### ACTION ITEM:
In the records below, tally every line containing "shows". Report only the total.

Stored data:
lemma sat_imp_small_sat_between:
  fixes D :: "'i \<Rightarrow> 'a set \<Rightarrow> 'a list set \<Rightarrow> bool" and \<phi> :: "('v,'i) fm"
  assumes up: "\<And>i. upwards_closed (ar i) (D i)"
    and bounded: "\<And>i. gamma_bounded TYPE('v) (ar i) (D i) (\<gamma> i)"
    and A: "finite_struc A"
  shows "wf_fm ar \<phi> \<Longrightarrow> is_team (univ A) V X \<Longrightarrow> fv \<phi> \<subseteq> V \<Longrightarrow> sat D A \<phi> X \<Longrightarrow>
    \<exists>Y\<subseteq>X. card Y \<le> nu \<gamma> \<phi> (card (univ A)) \<and> sat_between D A \<phi> Y X"
proof (induction \<phi> arbitrary: V X)
  case (Rel b r ts)
  then show ?case by (intro exI[of _ "{}"]) (auto simp: sat_between_def)
next
  case (Eq b t u)
  then show ?case by (intro exI[of _ "{}"]) (auto simp: sat_between_def)
next
  case (Const vs)
  then show ?case by (intro exI[of _ "{}"]) (auto simp: sat_between_def)
next
  case (Dep i vs)
  obtain Y where Y: "Y \<subseteq> X" "card Y \<le> \<gamma> i (card (univ A))" "D i (univ A) (team_rel Y vs)"
    using gamma_boundedD[OF bounded[of i] finite_struc_univ[OF A] Dep.prems(2), of vs] Dep.prems
    by auto
  have "sat_between D A (Dep i vs) Y X"
    by (rule sat_between_Dep[OF _ Dep.prems(2)]) (use up[of i] Dep.prems Y(3) in simp_all)
  with Y(1,2) show ?case by (intro exI[of _ Y] conjI) simp_all
next
  case (Or \<phi> \<psi>)
  obtain X\<^sub>1 X\<^sub>2 where X: "X = X\<^sub>1 \<union> X\<^sub>2" "sat D A \<phi> X\<^sub>1" "sat D A \<psi> X\<^sub>2"
    using Or.prems(4) by auto
  have "wf_fm ar \<phi>" "fv \<phi> \<subseteq> V" "wf_fm ar \<psi>" "fv \<psi> \<subseteq> V" using Or.prems(1,3) by simp_all
  then obtain Y\<^sub>1 Y\<^sub>2
    where Y\<^sub>1: "Y\<^sub>1 \<subseteq> X\<^sub>1" "card Y\<^sub>1 \<le> nu \<gamma> \<phi> (card (univ A))" "sat_between D A \<phi> Y\<^sub>1 X\<^sub>1"
      and Y\<^sub>2: "Y\<^sub>2 \<subseteq> X\<^sub>2" "card Y\<^sub>2 \<le> nu \<gamma> \<psi> (card (univ A))" "sat_between D A \<psi> Y\<^sub>2 X\<^sub>2"
    using Or.IH(1)[OF _ is_team_subset[OF Or.prems(2)] _ X(2)]
      Or.IH(2)[OF _ is_team_subset[OF Or.prems(2)] _ X(3)] X(1)
    by (metis Un_upper1 Un_upper2)
  show ?case
  proof (intro exI[of _ "Y\<^sub>1 \<union> Y\<^sub>2"] conjI)
    show "Y\<^sub>1 \<union> Y\<^sub>2 \<subseteq> X" using X(1) Y\<^sub>1(1) Y\<^sub>2(1) by blast
    show "card (Y\<^sub>1 \<union> Y\<^sub>2) \<le> nu \<gamma> (Or \<phi> \<psi>) (card (univ A))"
      using card_Un_le[of Y\<^sub>1 Y\<^sub>2] Y\<^sub>1(2) Y\<^sub>2(2) by simp
    show "sat_between D A (Or \<phi> \<psi>) (Y\<^sub>1 \<union> Y\<^sub>2) X"
      using sat_between_Or[OF Y\<^sub>1(3) Y\<^sub>2(3) Y\<^sub>1(1) Y\<^sub>2(1)] X(1) by simp
  qed
next
  case (And \<phi> \<psi>)
  have "wf_fm ar \<phi>" "fv \<phi> \<subseteq> V" "sat D A \<phi> X" "wf_fm ar \<psi>" "fv \<psi> \<subseteq> V" "sat D A \<psi> X"
    using And.prems(1,3,4) by simp_all
  then obtain Y\<^sub>1 Y\<^sub>2
    where Y\<^sub>1: "Y\<^sub>1 \<subseteq> X" "card Y\<^sub>1 \<le> nu \<gamma> \<phi> (card (univ A))" "sat_between D A \<phi> Y\<^sub>1 X"
      and Y\<^sub>2: "Y\<^sub>2 \<subseteq> X" "card Y\<^sub>2 \<le> nu \<gamma> \<psi> (card (univ A))" "sat_between D A \<psi> Y\<^sub>2 X"
    using And.IH(1)[OF _ And.prems(2)] And.IH(2)[OF _ And.prems(2)] by meson
  show ?case
  proof (intro exI[of _ "Y\<^sub>1 \<union> Y\<^sub>2"] conjI)
    show "Y\<^sub>1 \<union> Y\<^sub>2 \<subseteq> X" using Y\<^sub>1(1) Y\<^sub>2(1) by (rule Un_least)
    show "card (Y\<^sub>1 \<union> Y\<^sub>2) \<le> nu \<gamma> (And \<phi> \<psi>) (card (univ A))"
      using card_Un_le[of Y\<^sub>1 Y\<^sub>2] Y\<^sub>1(2) Y\<^sub>2(2) by simp
    show "sat_between D A (And \<phi> \<psi>) (Y\<^sub>1 \<union> Y\<^sub>2) X"
      using Y\<^sub>1(3) Y\<^sub>2(3) by (rule sat_between_And)
  qed
next
  case (CDisj \<phi> \<psi>)
  have wf: "wf_fm ar \<phi>" "fv \<phi> \<subseteq> V" "wf_fm ar \<psi>" "fv \<psi> \<subseteq> V" using CDisj.prems(1,3) by simp_all
  consider "sat D A \<phi> X" | "sat D A \<psi> X" using CDisj.prems(4) by auto
  then show ?case
  proof cases
    case 1
    then obtain Y where "Y \<subseteq> X" "card Y \<le> nu \<gamma> \<phi> (card (univ A))" "sat_between D A \<phi> Y X"
      using CDisj.IH(1)[OF wf(1) CDisj.prems(2) wf(2)] by meson
    then show ?thesis unfolding sat_between_def by (intro exI[of _ Y]) auto
  next
    case 2
    then obtain Y where "Y \<subseteq> X" "card Y \<le> nu \<gamma> \<psi> (card (univ A))" "sat_between D A \<psi> Y X"
      using CDisj.IH(2)[OF wf(3) CDisj.prems(2) wf(4)] by meson
    then show ?thesis unfolding sat_between_def by (intro exI[of _ Y]) auto
  qed
next
  case (Ex v \<phi>)
  obtain F where F: "\<forall>s\<in>X. F s \<subseteq> univ A \<and> F s \<noteq> {}"
    and F_sat: "sat D A \<phi> (supplement X v F)"
    using Ex.prems(4) by auto
  have team: "is_team (univ A) (insert v V) (supplement X v F)"
    by (rule is_team_supplement[OF Ex.prems(2)]) (use F in blast)
  have "wf_fm ar \<phi>" "fv \<phi> \<subseteq> insert v V" using Ex.prems(1,3) by auto
  then obtain Y' where Y': "Y' \<subseteq> supplement X v F" "card Y' \<le> nu \<gamma> \<phi> (card (univ A))"
    "sat_between D A \<phi> Y' (supplement X v F)"
    using Ex.IH[OF _ team _ F_sat] by meson
  have "finite Y'"
    by (rule finite_subset[OF Y'(1) is_team_finite[OF team finite_struc_univ(1)[OF A]]])
  then obtain Y where Y: "Y \<subseteq> X" "card Y \<le> card Y'"
    and Y_sat: "\<And>Z. Y \<subseteq> Z \<Longrightarrow> Z \<subseteq> X \<Longrightarrow> sat D A \<phi> (supplement Z v F)"
    by (rule sat_between_supplement[OF _ Y'(1,3)]) iprover
  have "sat_between D A (Ex v \<phi>) Y X"
  proof (rule sat_betweenI)
    fix Z assume "Y \<subseteq> Z" "Z \<subseteq> X"
    then have "(\<forall>s\<in>Z. F s \<subseteq> univ A \<and> F s \<noteq> {}) \<and> sat D A \<phi> (supplement Z v F)"
      using F Y_sat by blast
    then show "sat D A (Ex v \<phi>) Z" unfolding sat.simps by (rule exI[of _ F])
  qed
  with Y show ?case using Y'(2) by (intro exI[of _ Y] conjI) simp_all
next
  case (All v \<phi>)
  have team: "is_team (univ A) (insert v V) (supplement X v (\<lambda>_. univ A))"
    by (rule is_team_supplement[OF All.prems(2)]) simp
  have "wf_fm ar \<phi>" "fv \<phi> \<subseteq> insert v V" "sat D A \<phi> (supplement X v (\<lambda>_. univ A))"
    using All.prems(1,3,4) by auto
  then obtain Y' where Y': "Y' \<subseteq> supplement X v (\<lambda>_. univ A)" "card Y' \<le> nu \<gamma> \<phi> (card (univ A))"
    "sat_between D A \<phi> Y' (supplement X v (\<lambda>_. univ A))"
    using All.IH[OF _ team] by meson
  have "finite Y'"
    by (rule finite_subset[OF Y'(1) is_team_finite[OF team finite_struc_univ(1)[OF A]]])
  then obtain Y where Y: "Y \<subseteq> X" "card Y \<le> card Y'"
    and Y_sat: "\<And>Z. Y \<subseteq> Z \<Longrightarrow> Z \<subseteq> X \<Longrightarrow> sat D A \<phi> (supplement Z v (\<lambda>_. univ A))"
    by (rule sat_between_supplement[OF _ Y'(1,3)]) iprover
  have "sat_between D A (All v \<phi>) Y X"
    by (rule sat_betweenI) (simp add: Y_sat)
  with Y show ?case using Y'(2) by (intro exI[of _ Y] conjI) simp_all
qed

theorem mainTheorem8:
  fixes D :: "'i \<Rightarrow> 'a set \<Rightarrow> 'a list set \<Rightarrow> bool"
    and ar :: "'i \<Rightarrow> nat"
    and \<gamma> :: "'i \<Rightarrow> nat \<Rightarrow> nat"
    and \<phi> :: "('v,'i) fm"
    and A :: "'a struc"
    and V :: "'v set"
    and X :: "('v,'a) assign set"
  assumes "\<And>i. dep_notion (ar i) (D i)"
    and "\<And>i. upwards_closed (ar i) (D i)"
    and "\<And>i. gamma_bounded TYPE('v) (ar i) (D i) (\<gamma> i)"
    and "wf_fm ar \<phi>"
    and "finite_struc A"
    and "is_team (univ A) V X"
    and "fv \<phi> \<subseteq> V"
    and "sat D A \<phi> X"
  shows "\<exists>Y\<subseteq>X. card Y \<le> nu \<gamma> \<phi> (card (univ A)) \<and> sat D A \<phi> Y"
proof -
  obtain Y where Y: "Y \<subseteq> X" "card Y \<le> nu \<gamma> \<phi> (card (univ A))" "sat_between D A \<phi> Y X"
    using sat_imp_small_sat_between[OF assms(2,3,5,4,6,7,8)] by meson
  have "sat D A \<phi> Y" using Y(3) order_refl Y(1) by (rule sat_betweenD)
  with Y(1,2) show ?thesis by blast
qed

end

### TASK RESPONSE:
2